In 2001, she took up a John O'Donovan scholarship in Celtic Studies from the Dublin Institute for Advanced Studies, before taking a lectureship in the Celtic department at the University of Aberdeen and then in Irish Studies at the University of Liverpool. Subsequently, at Liverpool, she became Professor of Medieval History with the Institute of Irish Studies.

Downham was a elected a Fellow of the Royal Historical Society in May 2025.

==Select publications==
- "The Chronology of the Last Scandinavian Kings of York, AD 937–954", Northern History 40 (2003), pp. 25–51
- "Eric Bloodaxe – axed? The Mystery of the Last Viking King of York" Mediaeval Scandinavia 14 (2004), pp. 51–77
- Viking kings of Britain and Ireland : the Dynasty of Ivarr to AD 1014 (Edinburgh : Dunedin Academic, 2007)

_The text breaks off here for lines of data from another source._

theorem lemma2:
  fixes A :: "real^'d^'n" and k :: nat and \<alpha> \<beta> :: real
    and M :: "'a measure" and N :: "'b measure"
    and S :: "'a \<Rightarrow> real^'d^'m"
    and L :: "'a \<Rightarrow> 'b \<Rightarrow> real^'n^'r"
  assumes "k \<ge> 1"
    and "0 < \<alpha>" and "\<alpha> \<le> \<beta>"
    and "prob_space M" and "prob_space N"
    and "S \<in> borel_measurable M"
    and "(\<lambda>(\<omega>1, \<omega>2). L \<omega>1 \<omega>2) \<in> borel_measurable (M \<Otimes>\<^sub>M N)"
    and "\<exists>E\<in>sets M. measure M E \<ge> 9/10 \<and>
           (\<forall>\<omega>\<in>E. rank_k_cost k A (S \<omega>) \<le> 3/2 * SubApx k A)"
    and "\<exists>E\<in>sets (M \<Otimes>\<^sub>M N). measure (M \<Otimes>\<^sub>M N) E \<ge> 9/10 \<and>
           (\<forall>(\<omega>1, \<omega>2)\<in>E. \<forall>y :: real^'m.
              \<alpha> * norm1 ((A ** transpose (S \<omega>1)) *v y)
                \<le> norm1 ((L \<omega>1 \<omega>2 ** A ** transpose (S \<omega>1)) *v y) \<and>
              norm1 ((L \<omega>1 \<omega>2 ** A ** transpose (S \<omega>1)) *v y)
                \<le> \<beta> * norm1 ((A ** transpose (S \<omega>1)) *v y))"
    and "\<forall>\<omega>1\<in>space M. \<forall>P :: real^'d^'n.
           (\<integral>\<^sup>+ \<omega>2. ennreal (norm12 (L \<omega>1 \<omega>2 ** P)) \<partial>N) = ennreal (norm12 P)"
  shows "\<exists>E\<in>sets (M \<Otimes>\<^sub>M N). measure (M \<Otimes>\<^sub>M N) E \<ge> 3/5 \<and>
           (\<forall>(\<omega>1, \<omega>2)\<in>E. \<forall>X :: real^'d^'m.
              norm12 (L \<omega>1 \<omega>2 ** A ** transpose (S \<omega>1) ** X - L \<omega>1 \<omega>2 ** A)
                \<le> 10 * SubApx k A \<longrightarrow>
              norm12 (A ** transpose (S \<omega>1) ** X - A) \<le> (2 + 40 / \<alpha>) * SubApx k A)"
proof -
  interpret pair_prob_space M N
    using assms(4,5) by (simp add: pair_prob_space_def pair_sigma_finite_def prob_space_imp_sigma_finite)
  define W where "W \<omega> = A ** transpose (S \<omega>)" for \<omega>
  define SA where "SA = SubApx k A"
  have "0 \<le> SA"
    unfolding SA_def by (rule SubApx_nonneg)
  obtain E1 where E1: "E1 \<in> sets M" "9/10 \<le> measure M E1"
    "\<And>\<omega>. \<omega> \<in> E1 \<Longrightarrow> rank_k_cost k A (S \<omega>) \<le> 3/2 * SA"
    using assms(8) unfolding SA_def by blast
  obtain E2 where E2: "E2 \<in> sets (M \<Otimes>\<^sub>M N)" "9/10 \<le> measure (M \<Otimes>\<^sub>M N) E2"
    "\<And>\<omega> \<omega>' y. (\<omega>, \<omega>') \<in> E2 \<Longrightarrow> \<alpha> * norm1 (W \<omega> *v y) \<le> norm1 ((L \<omega> \<omega>' ** W \<omega>) *v y)"
    using assms(9) unfolding W_def by (fastforce simp: matrix_mul_assoc)
  interpret unbiased_estimator M N "\<lambda>X \<omega>. norm12 (W \<omega> ** X - A)"
    "\<lambda>X \<omega> \<omega>'. norm12 (L \<omega> \<omega>' ** (W \<omega> ** X - A))"
    using assms(10) unfolding W_def
    by unfold_locales
      (auto simp: borel_measurable_sketch_costs[OF assms(6,7)] norm12_nonneg intro!: continuous_intros)
  have "\<exists>X'. norm12 (W \<omega> ** X' - A) < c" if "\<omega> \<in> E1" "3/2 * SA < c" for \<omega> c
    unfolding W_def using E1(3)[OF that(1)] that(2)
    by (intro ex_norm12_less_of_rank_k_cost_less[where k=k]) linarith
  then have "\<exists>F\<in>sets (M \<Otimes>\<^sub>M N). (1 - 1/10) * measure M E1 \<le> measure (M \<Otimes>\<^sub>M N) F \<and>
      (\<forall>(\<omega>, \<omega>')\<in>F. \<forall>c>3/2 * SA.
         \<exists>X'. norm12 (W \<omega> ** X' - A) < c \<and> norm12 (L \<omega> \<omega>' ** (W \<omega> ** X' - A)) \<le> 10 * c)"
    using E1(1) by (intro witness_event) auto
  then obtain F where F: "F \<in> sets (M \<Otimes>\<^sub>M N)" "(1 - 1/10) * measure M E1 \<le> measure (M \<Otimes>\<^sub>M N) F"
    "\<And>\<omega> \<omega>' c. (\<omega>, \<omega>') \<in> F \<Longrightarrow> 3/2 * SA < c \<Longrightarrow>
       \<exists>X'. norm12 (W \<omega> ** X' - A) < c \<and> norm12 (L \<omega> \<omega>' ** (W \<omega> ** X' - A)) \<le> 10 * c"
    by blast
  have "3/5 \<le> measure (M \<Otimes>\<^sub>M N) (E2 \<inter> F)"
    using prob_Int_ge[OF E2(1) F(1)] E1(2) E2(2) F(2) by simp
  moreover have "norm12 (W \<omega> ** X - A) \<le> (2 + 40/\<alpha>) * SA"
    if "(\<omega>, \<omega>') \<in> E2 \<inter> F" and "norm12 (L \<omega> \<omega>' ** W \<omega> ** X - L \<omega> \<omega>' ** A) \<le> 10 * SA"
    for \<omega> \<omega>' X
  proof -
    have "norm12 (W \<omega> ** X - A) \<le> (10 * SA + 10 * (3/2 * SA)) / \<alpha> + 3/2 * SA"
      using that E2(3) F(3) by (intro norm12_residual_le_of_witnesses[OF assms(2)]) auto
    also have "\<dots> \<le> (2 + 40/\<alpha>) * SA"
      using assms(2) \<open>0 \<le> SA\<close> by (simp add: field_simps)
    finally show ?thesis .
  qed
  ultimately show ?thesis
    using E2(1) F(1) unfolding W_def SA_def by (intro bexI[of _ "E2 \<inter> F"]) (auto simp: matrix_mul_assoc)
qed

end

- "'Hiberno-Norwegians' and 'Anglo-Danes': Anachronistic Ethnicities in Viking Age England", Mediaeval Scandinavia 19 *2009), pp. 139–69
- No horns on their helmets? essays on the insular Viking-age (Centre for Anglo-Saxon Studies and the Centre for Celtic Studies, University of Aberdeen: Aberdeen, 2013)
- (ed.) Jocelin of Furness : proceedings of the 2011 Conference (Donington: Shaun Tyas, 2013)
- Medieval Ireland (Cambridge : Cambridge University Press, 2018)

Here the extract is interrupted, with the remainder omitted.